ASSIGNMENT:
Among the entries below, only the lines starting at the one with "V E c \<and>" and ending at the one with "together with its", both included, are to be printed exactly.

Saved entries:

(* For every integer $k\ge 2$, every finite graph $G$ with maximum degree $\Delta\ge 1$ has a star-$k$ coloring with at most $C_{2k-2}\,k^{\frac{1}{2k-2}}\,\Delta^{\frac{2k-1}{2k-2}}+\Delta$ colors, where $C_\ell=\ell\,(\ell-1)^{\frac1\ell-1}$.
   Context: A star-$k$ coloring of a graph is a proper vertex-coloring such that every path on $2k$ vertices contains at least three colors. *)

theory Defs
  imports Complex_Main
begin

definition finite_simple_graph :: "'a set \<Rightarrow> ('a \<Rightarrow> 'a \<Rightarrow> bool) \<Rightarrow> bool" where
  "finite_simple_graph V E \<longleftrightarrow> finite V \<and> (\<forall>u v. E u v \<longrightarrow> u \<in> V \<and> v \<in> V)
     \<and> (\<forall>u v. E u v \<longrightarrow> E v u) \<and> (\<forall>v. \<not> E v v)"

definition degree :: "'a set \<Rightarrow> ('a \<Rightarrow> 'a \<Rightarrow> bool) \<Rightarrow> 'a \<Rightarrow> nat" where
  "degree V E v = card {u \<in> V. E v u}"

definition max_degree :: "'a set \<Rightarrow> ('a \<Rightarrow> 'a \<Rightarrow> bool) \<Rightarrow> nat" where
  "max_degree V E = Max (degree V E ` V)"

definition is_path :: "'a set \<Rightarrow> ('a \<Rightarrow> 'a \<Rightarrow> bool) \<Rightarrow> 'a list \<Rightarrow> bool" where
  "is_path V E p \<longleftrightarrow> p \<noteq> [] \<and> set p \<subseteq> V \<and> distinct p
     \<and> (\<forall>i. Suc i < length p \<longrightarrow> E (p ! i) (p ! Suc i))"

definition proper_coloring :: "'a set \<Rightarrow> ('a \<Rightarrow> 'a \<Rightarrow> bool) \<Rightarrow> ('a \<Rightarrow> 'c) \<Rightarrow> bool" where
  "proper_coloring V E c \<longleftrightarrow> (\<forall>u\<in>V. \<forall>v\<in>V. E u v \<longrightarrow> c u \<noteq> c v)"

definition star_k_coloring :: "nat \<Rightarrow> 'a set \<Rightarrow> ('a \<Rightarrow> 'a \<Rightarrow> bool) \<Rightarrow> ('a \<Rightarrow> 'c) \<Rightarrow> bool" where
  "star_k_coloring k V E c \<longleftrightarrow> proper_coloring V E c \<and>
     (\<forall>p. is_path V E p \<and> length p = 2 * k \<longrightarrow> card (c ` set p) \<ge> 3)"

definition C_const :: "nat \<Rightarrow> real" where
  "C_const l = real l * (real l - 1) powr (1 / real l - 1)"

end

theory Submission
  imports Defs
begin

text \<open>
  The proof is a counting argument in the style of Rosenfeld. Let C(U) be the set of
  star-k colourings of the subgraph induced by U with L colours. By induction on the size
  of U one shows that \<beta> |C(U)| \<le> |C(U \<union> {v})| for every vertex v outside U. Extending a
  colouring of U by a colour for v that avoids the at most \<Delta> colours on its neighbours
  gives at least (L - \<Delta>) |C(U)| proper colourings of U \<union> {v}. Each one that is not
  star-k has a 2-coloured path on 2k vertices through v, and is determined by that path
  together with its restriction to U \<union> {v} minus 2k - 2 path vertices including v; by
  induction there are at most |C(U)| / \<beta>^(2k-3) such restrictions, and there are at most
  k \<Delta> (\<Delta> - 1)^(2k-2) such paths. So C(V) is nonempty as soon as
  \<beta> + k \<Delta> (\<Delta> - 1)^(2k-2) / \<beta>^(2k-3) \<le> L - \<Delta>, and the optimal choice of \<beta> yields the
  bound of the theorem.
\<close>

section \<open>The numerical bound\<close>

definition star_bound :: "nat \<Rightarrow> nat \<Rightarrow> real" where
  "star_bound k D = C_const (2*k-2) * real k powr (1 / real (2*k-2))
     * real D powr (real (2*k-1) / real (2*k-2))"
(* For every $n$ there exists a multigraph on $n$ nodes and $O(n^2)$ edges for which every friendly minimum $s,t$-cut sparsifier has $\Omega(n^2)$ edges.
   Context: For a multigraph $G=(V,E)$, $\deg(v)$ is the number of edges incident to $v$ (with multiplicity). A cut $S\subseteq V$ is unfriendly if there is a node $s\in S$ with $|E(\{s\},V\setminus S)|>0.6\deg(s)$ or a node $t\notin S$ with $|E(\{t\},S)|>0.6\deg(t)$ (edges counted with multiplicity); otherwise it is friendly. A sparsifier of $G$ is a graph $H$ obtained by deleting edges and contracting subsets of nodes (self-loops removed, parallel edges kept and counted separately). $H$ preserves a cut if none of its edges is deleted and no two nodes from different sides are contracted together. $H$ is a friendly minimum $s,t$-cut sparsifier of $G$ if for every pair $s,t$ for which all minimum $s,t$-cuts in $G$ are friendly, at least one minimum $s,t$-cut is preserved in $H$. *)

theory Defs
  imports Complex_Main "HOL-Library.Multiset"
begin

text \<open>A multigraph on vertex set V: a finite multiset of edges, each edge an
unordered pair of distinct vertices (no self-loops; parallel edges are copies).\<close>
definition multigraph :: "'a set \<Rightarrow> 'a set multiset \<Rightarrow> bool" where
  "multigraph V E \<longleftrightarrow> finite V \<and> (\<forall>e\<in>#E. e \<subseteq> V \<and> card e = 2)"

definition deg :: "'a set multiset \<Rightarrow> 'a \<Rightarrow> nat" where
  "deg E v = size (filter_mset (\<lambda>e. v \<in> e) E)"

text \<open>E(A,B): edges (with multiplicity) with an endpoint in A and an endpoint in B
(used for disjoint A, B).\<close>
definition cross_edges :: "'a set multiset \<Rightarrow> 'a set \<Rightarrow> 'a set \<Rightarrow> 'a set multiset" where
  "cross_edges E A B = filter_mset (\<lambda>e. e \<inter> A \<noteq> {} \<and> e \<inter> B \<noteq> {}) E"

definition cut_value :: "'a set \<Rightarrow> 'a set multiset \<Rightarrow> 'a set \<Rightarrow> nat" where
  "cut_value V E S = size (cross_edges E S (V - S))"

definition st_cut :: "'a set \<Rightarrow> 'a \<Rightarrow> 'a \<Rightarrow> 'a set \<Rightarrow> bool" where
  "st_cut V s t S \<longleftrightarrow> S \<subseteq> V \<and> s \<in> S \<and> t \<notin> S"

definition min_st_cut :: "'a set \<Rightarrow> 'a set multiset \<Rightarrow> 'a \<Rightarrow> 'a \<Rightarrow> 'a set \<Rightarrow> bool" where
  "min_st_cut V E s t S \<longleftrightarrow> st_cut V s t S \<and>
     (\<forall>S'. st_cut V s t S' \<longrightarrow> cut_value V E S \<le> cut_value V E S')"

definition unfriendly :: "'a set \<Rightarrow> 'a set multiset \<Rightarrow> 'a set \<Rightarrow> bool" where
  "unfriendly V E S \<longleftrightarrow>
     (\<exists>s\<in>S. real (size (cross_edges E {s} (V - S))) > 0.6 * real (deg E s)) \<or>
     (\<exists>t\<in>V - S. real (size (cross_edges E {t} S)) > 0.6 * real (deg E t))"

EXERCISE RESPONSE:
  "star_k_coloring k V E c \<longleftrightarrow> proper_coloring V E c \<and>
     (\<forall>p. is_path V E p \<and> length p = 2 * k \<longrightarrow> card (c ` set p) \<ge> 3)"

definition C_const :: "nat \<Rightarrow> real" where
  "C_const l = real l * (real l - 1) powr (1 / real l - 1)"

end

theory Submission
  imports Defs
begin

text \<open>
  The proof is a counting argument in the style of Rosenfeld. Let C(U) be the set of
  star-k colourings of the subgraph induced by U with L colours. By induction on the size
  of U one shows that \<beta> |C(U)| \<le> |C(U \<union> {v})| for every vertex v outside U. Extending a
  colouring of U by a colour for v that avoids the at most \<Delta> colours on its neighbours
  gives at least (L - \<Delta>) |C(U)| proper colourings of U \<union> {v}. Each one that is not
  star-k has a 2-coloured path on 2k vertices through v, and is determined by that path
  together with its restriction to U \<union> {v} minus 2k - 2 path vertices including v; by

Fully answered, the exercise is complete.